> [ASSIGNED TASK]: Would you give again, exactly, the lines running from the line with "case (overlap i j k)" to the end of the data below, both included?

[Collected data entries]
_ _ _ _ _ _ _

(* Let $(\mathsf{Proc},\mathsf{Lab},\to,\rightsquigarrow)$ be a combined LTS that admits pre-reversibility. If $\iota_1$ and $\iota_2$ are two independence relations on its transitions such that both resulting LTSIs satisfy SP, BTI and PCI, then the two LTSIs have the same event equivalence $\sim$, the same core independence $\odot$, the same causal ordering $\le$ and the same conflict relation $\#$.
   Context: A combined LTS consists of processes $\mathsf{Proc}$, labels $\mathsf{Lab}$, a forward relation $P\xrightarrow aQ$ and a backward relation $P\rightsquigarrow^aQ$ with $P\xrightarrow aQ$ iff $Q\rightsquigarrow^aP$. A transition is a forward or backward step $t$ with inverse $\bar t$ (the same step in the opposite direction). Transitions are coinitial if they share a source; a path is a finite sequence of transitions each ending where the next starts; a path is rooted if its source cannot perform a backward transition. An LTSI adds an irreflexive symmetric relation $\iota$ on transitions (an independence relation). (SP) if coinitial $t:P\to Q$, $u:P\to R$ with $t\mathrel\iota u$ then there exist $u':Q\to S$ (same label and direction as $u$) and $t':R\to S$ (same label and direction as $t$); (BTI) distinct coinitial backward transitions are independent; (WF) there is no infinite sequence $P_0,P_1,\dots$ with a forward transition $P_{i+1}\to P_i$ for all $i$; (PCI) if $t:P\to Q$, $u:P\to R$, $u':Q\to S$, $t':R\to S$ with $u'$ having the label and direction of $u$, $t'$ those of $t$, and $t\mathrel\iota u$, then $u'\mathrel\iota\bar t$. An LTSI is pre-reversible if it satisfies SP, BTI, WF, PCI; a combined LTS admits pre-reversibility if some independence relation makes it a pre-reversible LTSI. Event equivalence $\sim$ is the smallest equivalence on transitions with $t\sim t'$ whenever $t,u,u',t'$ form a square as in PCI with $t\mathrel\iota u$; events are $\sim$-classes $[t]$, forward events are classes of forward transitions, $\bar e=[\bar t]$. For a path $r$ and event $e$: $\sharp(\varepsilon,e)=0$, $\sharp(tr,e)=\sharp(r,e)+1$ if $t\in e$, $\sharp(r,e)-1$ if $t\in\bar e$, else $\sharp(r,e)$. Core independence $e\odot e'$: there are coinitial $t\in e$, $t'\in e'$ with $t\mathrel\iota t'$. For forward events: $e\le e'$ iff for all rooted paths $r$, $\sharp(r,e')>0$ implies $\sharp(r,e)>0$; $e\# e'$ iff there is no rooted path $r$ with $\sharp(r,e)>0$ and $\sharp(r,e')>0$. *)

theory Defs
  imports Main
begin
lemma diamond_of_disjoint_transpositions:
  assumes x: "x \<in> Sn n" and pqrs: "p < n" "q < n" "r < n" "s < n" "distinct [p, q, r, s]"
    and e1: "bedge n x (x \<circ> transpose p q)"
    and e2: "bedge n (x \<circ> transpose p q) (x \<circ> transpose p q \<circ> transpose r s)"
  shows "\<exists>y'. diamond n x (x \<circ> transpose p q) y' (x \<circ> transpose p q \<circ> transpose r s)"
proof -
  define y where "y = x \<circ> transpose p q"
  define w where "w = y \<circ> transpose r s"
  define y' where "y' = x \<circ> transpose r s"
  have w': "w = y' \<circ> transpose p q"
    using pqrs(5) by (simp add: w_def y_def y'_def comp_assoc swap_id_independent)
  have S: "y \<in> Sn n" "y' \<in> Sn n"
    using x pqrs by (simp_all add: y_def y'_def comp_transpose_in_Sn)
  have "y r = x r" "y s = x s" "y' p = x p" "y' q = x q"
    using pqrs(5) by (auto simp: y_def y'_def)
  then have "bedge n x y'" "bedge n y' w"
    using e1 e2 pqrs(5) bedge_comp_transpose_iff[OF x pqrs(1,2)] bedge_comp_transpose_iff[OF S(1) pqrs(3,4)]
      bedge_comp_transpose_iff[OF x pqrs(3,4)] bedge_comp_transpose_iff[OF S(2) pqrs(1,2)]
    unfolding y'_def[symmetric] w'[symmetric] by (simp_all add: y_def[symmetric] w_def[symmetric])
  moreover have "inj x" using x by (simp add: Sn_def permutes_inj)
  then have "y' r \<noteq> y r"
    using pqrs(5) by (auto simp: y_def y'_def dest: injD)
  ultimately show ?thesis
    using diamondI e1 e2 unfolding w_def y_def by metis
qed

lemma transpositions_cases:
  assumes "p \<noteq> q" "r \<noteq> s"
  obtains (same) "{r, s} = {p, q}"
    | (disjoint) "distinct [p, q, r, s]"
    | (overlap) i j k where "distinct [i, j, k]" "{i, j, k} \<subseteq> {p, q, r, s}"
        "transpose p q = transpose i j" "transpose r s = transpose j k"
proof (cases "{r, s} = {p, q} \<or> {r, s} \<inter> {p, q} = {}")
  case True
  then show thesis using that(1,2) assms by auto
next
  case False
  then consider "r = p" "s \<noteq> q" | "r = q" "s \<noteq> p" | "s = p" "r \<noteq> q" | "s = q" "r \<noteq> p"
    by blast
  then show thesis
  proof cases
    case 1
    show thesis by (rule that(3)[of q p s]) (use 1 assms in \<open>auto simp: transpose_commute\<close>)
  next
    case 2
    show thesis by (rule that(3)[of p q s]) (use 2 assms in auto)
  next
    case 3
    show thesis by (rule that(3)[of q p r]) (use 3 assms in \<open>auto simp: transpose_commute\<close>)
  next
    case 4
    show thesis by (rule that(3)[of p q r]) (use 4 assms in \<open>auto simp: transpose_commute\<close>)
  qed
qed

lemma bedge_two_steps_diamond:
  assumes xy: "bedge n x y" and yw: "bedge n y w"
  obtains y' where "diamond n x y y' w"
proof -
  obtain p q where x: "x \<in> Sn n" and pq: "p < n" "q < n" "p \<noteq> q" and y: "y = x \<circ> transpose p q"
    using xy by (auto simp: bedge_iff)
  obtain r s where rs: "r < n" "s < n" "r \<noteq> s" and w: "w = x \<circ> transpose p q \<circ> transpose r s"
    using yw by (auto simp: bedge_iff y)
  from pq(3) rs(3) show ?thesis
  proof (cases rule: transpositions_cases)
    case same
    then have "w = x"
      by (auto simp: w doubleton_eq_iff transpose_commute comp_assoc)
    then show ?thesis
      using bedge_len_less[OF xy] bedge_len_less[OF yw] by simp
  next
    case disjoint
    then show ?thesis
      using that diamond_of_disjoint_transpositions[OF x pq(1,2) rs(1,2)] xy yw by (auto simp: y w)
  next
    case (overlap i j k)
    have "i < n" "j < n" "k < n"
      using overlap(2) pq rs by auto
    moreover have "bedge n x (x \<circ> transpose i j)"
      "bedge n (x \<circ> transpose i j) (x \<circ> transpose i j \<circ> transpose j k)"
      using xy yw unfolding y w overlap(3,4) .
    ultimately show ?thesis
      using that diamond_of_overlapping_transpositions[OF x _ _ _ overlap(1)]
      unfolding y w overlap(3,4) by blast
  qed
qed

_ _ _ _ _ _ _

> [COMPLETED TASK]:
    case (overlap i j k)
    have "i < n" "j < n" "k < n"
      using overlap(2) pq rs by auto
    moreover have "bedge n x (x \<circ> transpose i j)"
      "bedge n (x \<circ> transpose i j) (x \<circ> transpose i j \<circ> transpose j k)"
      using xy yw unfolding y w overlap(3,4) .
    ultimately show ?thesis
      using that diamond_of_overlapping_transpositions[OF x _ _ _ overlap(1)]
      unfolding y w overlap(3,4) by blast
  qed
qed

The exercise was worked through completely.